Your output should be the line with "by (simp add: Nk_def)" followed by every remaining line of the entries, reproduced exactly.

- _Dataset_

::::

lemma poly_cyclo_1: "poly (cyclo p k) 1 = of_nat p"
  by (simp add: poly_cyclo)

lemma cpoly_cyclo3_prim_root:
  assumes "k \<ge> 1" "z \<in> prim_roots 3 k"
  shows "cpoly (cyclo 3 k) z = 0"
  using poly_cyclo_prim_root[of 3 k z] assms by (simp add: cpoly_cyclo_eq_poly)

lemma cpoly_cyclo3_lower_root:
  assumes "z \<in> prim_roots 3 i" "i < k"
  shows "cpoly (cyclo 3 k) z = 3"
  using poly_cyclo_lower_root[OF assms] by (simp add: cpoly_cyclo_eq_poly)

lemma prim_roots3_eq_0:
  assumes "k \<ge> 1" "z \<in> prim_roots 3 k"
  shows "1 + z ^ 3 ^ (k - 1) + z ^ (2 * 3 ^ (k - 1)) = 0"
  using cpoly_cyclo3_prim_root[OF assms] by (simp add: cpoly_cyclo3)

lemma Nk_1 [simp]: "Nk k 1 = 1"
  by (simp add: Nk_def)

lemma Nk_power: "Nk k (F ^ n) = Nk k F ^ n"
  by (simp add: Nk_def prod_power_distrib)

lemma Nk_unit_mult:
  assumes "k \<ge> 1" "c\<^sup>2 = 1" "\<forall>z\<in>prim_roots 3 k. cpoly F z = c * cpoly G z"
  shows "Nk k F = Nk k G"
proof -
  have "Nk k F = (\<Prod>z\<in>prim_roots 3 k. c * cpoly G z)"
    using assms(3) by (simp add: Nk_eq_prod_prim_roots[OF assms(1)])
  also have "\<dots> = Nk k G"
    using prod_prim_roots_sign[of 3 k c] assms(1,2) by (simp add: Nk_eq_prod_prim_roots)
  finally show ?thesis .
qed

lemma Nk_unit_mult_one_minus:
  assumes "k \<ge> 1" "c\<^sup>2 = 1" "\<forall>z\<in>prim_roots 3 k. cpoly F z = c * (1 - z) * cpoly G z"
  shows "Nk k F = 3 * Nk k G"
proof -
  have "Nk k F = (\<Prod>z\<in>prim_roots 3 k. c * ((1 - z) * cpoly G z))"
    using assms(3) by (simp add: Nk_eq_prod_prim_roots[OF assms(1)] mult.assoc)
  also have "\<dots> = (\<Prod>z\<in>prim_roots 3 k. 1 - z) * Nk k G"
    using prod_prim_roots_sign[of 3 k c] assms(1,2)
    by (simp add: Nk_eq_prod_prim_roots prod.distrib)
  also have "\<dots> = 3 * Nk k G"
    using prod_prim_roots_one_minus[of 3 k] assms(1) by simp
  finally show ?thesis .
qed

::::

- _Completed exercise_
  by (simp add: Nk_def)

lemma Nk_power: "Nk k (F ^ n) = Nk k F ^ n"
  by (simp add: Nk_def prod_power_distrib)

lemma Nk_unit_mult:
  assumes "k \<ge> 1" "c\<^sup>2 = 1" "\<forall>z\<in>prim_roots 3 k. cpoly F z = c * cpoly G z"
  shows "Nk k F = Nk k G"
proof -
  have "Nk k F = (\<Prod>z\<in>prim_roots 3 k. c * cpoly G z)"
    using assms(3) by (simp add: Nk_eq_prod_prim_roots[OF assms(1)])
  also have "\<dots> = Nk k G"
    using prod_prim_roots_sign[of 3 k c] assms(1,2) by (simp add: Nk_eq_prod_prim_roots)
  finally show ?thesis .
qed

lemma Nk_unit_mult_one_minus:
  assumes "k \<ge> 1" "c\<^sup>2 = 1" "\<forall>z\<in>prim_roots 3 k. cpoly F z = c * (1 - z) * cpoly G z"
  shows "Nk k F = 3 * Nk k G"
proof -
  have "Nk k F = (\<Prod>z\<in>prim_roots 3 k. c * ((1 - z) * cpoly G z))"
    using assms(3) by (simp add: Nk_eq_prod_prim_roots[OF assms(1)] mult.assoc)
  also have "\<dots> = (\<Prod>z\<in>prim_roots 3 k. 1 - z) * Nk k G"
    using prod_prim_roots_sign[of 3 k c] assms(1,2)
    by (simp add: Nk_eq_prod_prim_roots prod.distrib)
  also have "\<dots> = 3 * Nk k G"
    using prod_prim_roots_one_minus[of 3 k] assms(1) by simp
  finally show ?thesis .
qed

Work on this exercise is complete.